SUPPLIED RECORDS
(* For $n\ge5$ and $k\ge4$, \[a^\circ_{n,k}(1342)=a^\circ_{n-1,k}(1342)+b^\circ_{n,k}(1342)+\sum_{r=3}^{n-1}b^\circ_{r,k-1}(1342),\] where $a^\circ_{m,j}(1342)$ is the number of cyclic permutations $\pi\in\mathfrak S_m$ whose one-line notation avoids $\delta_j=j(j-1)\cdots21$ and such that every cyclic rotation of $C(\pi)$ avoids $1342$, and $b^\circ_{m,j}(1342)$ is the number of those with additionally $\pi_1=m$.
   Context: A permutation $\pi\in\mathfrak S_n$ is cyclic if it consists of a single $n$-cycle. For cyclic $\pi$, $C(\pi)=(1,c_2,\dots,c_n)$ with $c_2=\pi(1)$, $c_{i+1}=\pi(c_i)$; its cyclic rotations are the sequences $c_ic_{i+1}\cdots c_nc_1\cdots c_{i-1}$ (with $c_1=1$). A sequence avoids a pattern $\sigma\in\mathfrak S_m$ if no subsequence of length $m$ is in the same relative order as $\sigma$. The one-line notation of $\pi$ is $\pi_1\cdots\pi_n$, $\pi_i=\pi(i)$. *)

theory Defs
  imports "HOL-Combinatorics.Permutations"
begin

text \<open>Permutations of {1..n} are functions nat => nat with pi permutes {1..n}.\<close>

definition one_line :: "nat \<Rightarrow> (nat \<Rightarrow> nat) \<Rightarrow> nat list" where
  "one_line n \<pi> = map \<pi> [1..<n+1]"

definition cyclic_perm :: "nat \<Rightarrow> (nat \<Rightarrow> nat) \<Rightarrow> bool" where
  "cyclic_perm n \<pi> \<longleftrightarrow> \<pi> permutes {1..n} \<and> {(\<pi> ^^ k) 1 | k. True} = {1..n}"

definition cycle_form :: "nat \<Rightarrow> (nat \<Rightarrow> nat) \<Rightarrow> nat list" where
  "cycle_form n \<pi> = map (\<lambda>i. (\<pi> ^^ i) 1) [0..<n]"

definition cyclic_rotations :: "nat \<Rightarrow> (nat \<Rightarrow> nat) \<Rightarrow> nat list set" where
  "cyclic_rotations n \<pi> = {rotate i (cycle_form n \<pi>) | i. i < n}"

definition contains_pattern :: "nat list \<Rightarrow> nat list \<Rightarrow> bool" where
  "contains_pattern xs \<sigma> \<longleftrightarrow>
     (\<exists>idx. length idx = length \<sigma> \<and> sorted_wrt (<) idx \<and> (\<forall>i\<in>set idx. i < length xs) \<and>
        (\<forall>i<length \<sigma>. \<forall>j<length \<sigma>. xs ! (idx ! i) < xs ! (idx ! j) \<longleftrightarrow> \<sigma> ! i < \<sigma> ! j))"

definition avoids :: "nat list \<Rightarrow> nat list \<Rightarrow> bool" where
  "avoids xs \<sigma> \<longleftrightarrow> \<not> contains_pattern xs \<sigma>"

definition delta :: "nat \<Rightarrow> nat list" where
  "delta j = rev [1..<j+1]"

definition cyc_avoiders :: "nat \<Rightarrow> nat \<Rightarrow> (nat \<Rightarrow> nat) set" where
  "cyc_avoiders m j = {\<pi>. cyclic_perm m \<pi> \<and> avoids (one_line m \<pi>) (delta j) \<and>
       (\<forall>w\<in>cyclic_rotations m \<pi>. avoids w [1,3,4,2])}"

definition a_circ_1342 :: "nat \<Rightarrow> nat \<Rightarrow> nat" where
  "a_circ_1342 m j = card (cyc_avoiders m j)"

definition b_circ_1342 :: "nat \<Rightarrow> nat \<Rightarrow> nat" where
  "b_circ_1342 m j = card {\<pi> \<in> cyc_avoiders m j. \<pi> 1 = m}"

end

theory Submission
  imports Defs "HOL-Combinatorics.Cycles"
begin

(* A cyclic permutation is determined by its cycle word c = C(pi), a list of 1..n starting
   with 1, and the rotation condition says that c contains no cyclic occurrence of 1342.
   Classify the words by their second letter c_2 = pi(1), which lies in {2..n}.
   If c_2 = 2, deleting the 1 and lowering every other letter by one is a bijection onto the
   words of length n - 1; in one-line notation this only removes a leading 2, which cannot
   start a decreasing subsequence of length k >= 3.
   If c_2 = n, the word is counted by b_{n,k}.
   If c_2 = r with 3 <= r < n, avoiding cyclic 1342 forces c = s n (n-1) ... (r+1) with s a
   word of length r and second letter r. In one-line notation the entry 1 of the permutation
   of s becomes n and 1, r+1, ..., n-1 is appended; as that permutation starts with its
   maximum r and has its 2 after its 1, this raises the longest decreasing subsequence by
   exactly one, so delta_k is avoided by c iff delta_(k-1) is avoided by s. *)

section \<open>Cycle words\<close>

text \<open>A cyclic permutation \<open>\<pi>\<close> of \<open>{1..n}\<close> is encoded by its cycle word
  \<open>C(\<pi>)\<close>; \<open>cycle_of_list\<close> (from \<open>HOL-Combinatorics.Cycles\<close>) decodes it.\<close>

definition cycle_words :: "nat \<Rightarrow> nat list set" where
  "cycle_words n = {c. distinct c \<and> set c = {1..n} \<and> length c = n \<and> c ! 0 = 1}"

lemma cycle_of_list_nth:
  assumes "distinct c" "i < length c"
  shows "cycle_of_list c (c ! i) = c ! (Suc i mod length c)"
proof -
  have "map (cycle_of_list c) c = rotate1 c"
    using cyclic_rotation[OF assms(1), of 1] by simp
  then show ?thesis
    using assms(2) nth_rotate1[OF assms(2)] by (metis nth_map)
qed

lemma funpow_cycle_of_list_hd:
  assumes "distinct c" "c \<noteq> []"
  shows "(cycle_of_list c ^^ i) (c ! 0) = c ! (i mod length c)"
  using arg_cong[OF cyclic_rotation[OF assms(1), of i], of "\<lambda>xs. xs ! 0"] assms(2)
  by (simp add: nth_rotate)

lemma cycle_form_cycle_of_list:
  assumes "c \<in> cycle_words n"
  shows "cycle_form n (cycle_of_list c) = c"
proof (rule nth_equalityI)
  fix i assume "i < length (cycle_form n (cycle_of_list c))"
  then have "i < length c" "c \<noteq> []"
    using assms by (auto simp: cycle_form_def cycle_words_def)
  then show "cycle_form n (cycle_of_list c) ! i = c ! i"
    using assms funpow_cycle_of_list_hd[of c i] by (simp add: cycle_form_def cycle_words_def)
qed (use assms in \<open>simp add: cycle_form_def cycle_words_def\<close>)

lemma cyclic_perm_cycle_of_list:
  assumes "c \<in> cycle_words n" "0 < n"
  shows "cyclic_perm n (cycle_of_list c)"
proof -
  have c: "distinct c" "set c = {1..n}" "length c = n" "c ! 0 = 1"
    using assms(1) by (auto simp: cycle_words_def)
  have "{(cycle_of_list c ^^ k) 1 | k. True} = {c ! (k mod n) | k. True}"
    using funpow_cycle_of_list_hd[of c] c assms(2) by auto
  also have "\<dots> = set c"
  proof
    show "{c ! (k mod n) | k. True} \<subseteq> set c"
      using c assms(2) by auto
    show "set c \<subseteq> {c ! (k mod n) | k. True}"
    proof
      fix x assume "x \<in> set c"
      then obtain i where "i < n" "x = c ! i"
        using c(3) by (metis in_set_conv_nth)
      then show "x \<in> {c ! (k mod n) | k. True}"
        by (intro CollectI exI[of _ i]) simp
    qed
  qed
  finally show ?thesis
    using cycle_permutes[of c] c by (simp add: cyclic_perm_def)
qed
lemma rank_less_card:
  assumes "finite S" "y \<in> S"
  shows "rank S y < card S"
  unfolding rank_def using assms by (intro psubset_card_mono) auto

lemma bij_betw_rank:
  assumes "finite S"
  shows "bij_betw (rank S) S {..<card S}"
proof -
  have inj: "inj_on (rank S) S"
    by (rule inj_onI) (metis assms rank_less_iff linorder_neq_iff)
  moreover have "rank S ` S \<subseteq> {..<card S}"
    using rank_less_card assms by auto
  moreover have "card (rank S ` S) = card {..<card S}"
    using card_image[OF inj] by simp
  ultimately show ?thesis
    by (simp add: bij_betw_def card_subset_eq)
qed

lemma unrank_rank:
  assumes "finite S" "y \<in> S"
  shows "unrank S (rank S y) = y"
  unfolding unrank_def using bij_betw_inv_into_left[OF bij_betw_rank] assms .

lemma unrank_in:
  assumes "finite S" "j < card S"
  shows "unrank S j \<in> S"
  unfolding unrank_def using bij_betwE[OF bij_betw_inv_into[OF bij_betw_rank]] assms by blast

lemma rank_unrank:
  assumes "finite S" "j < card S"
  shows "rank S (unrank S j) = j"
  unfolding unrank_def using bij_betw_inv_into_right[OF bij_betw_rank] assms by blast

definition order_equiv_on :: "'a set \<Rightarrow> ('a \<Rightarrow> 'b::linorder) \<Rightarrow> ('a \<Rightarrow> 'c::linorder) \<Rightarrow> bool" where
  "order_equiv_on V \<sigma> \<tau> \<longleftrightarrow> (\<forall>v\<in>V. \<forall>w\<in>V. \<sigma> v < \<sigma> w \<longleftrightarrow> \<tau> v < \<tau> w)"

REQUIREMENT
When a line in the listing above holds the word "second", copy it.

SOLUTION TO THE EXERCISE
   Classify the words by their second letter c_2 = pi(1), which lies in {2..n}.
   word of length r and second letter r. In one-line notation the entry 1 of the permutation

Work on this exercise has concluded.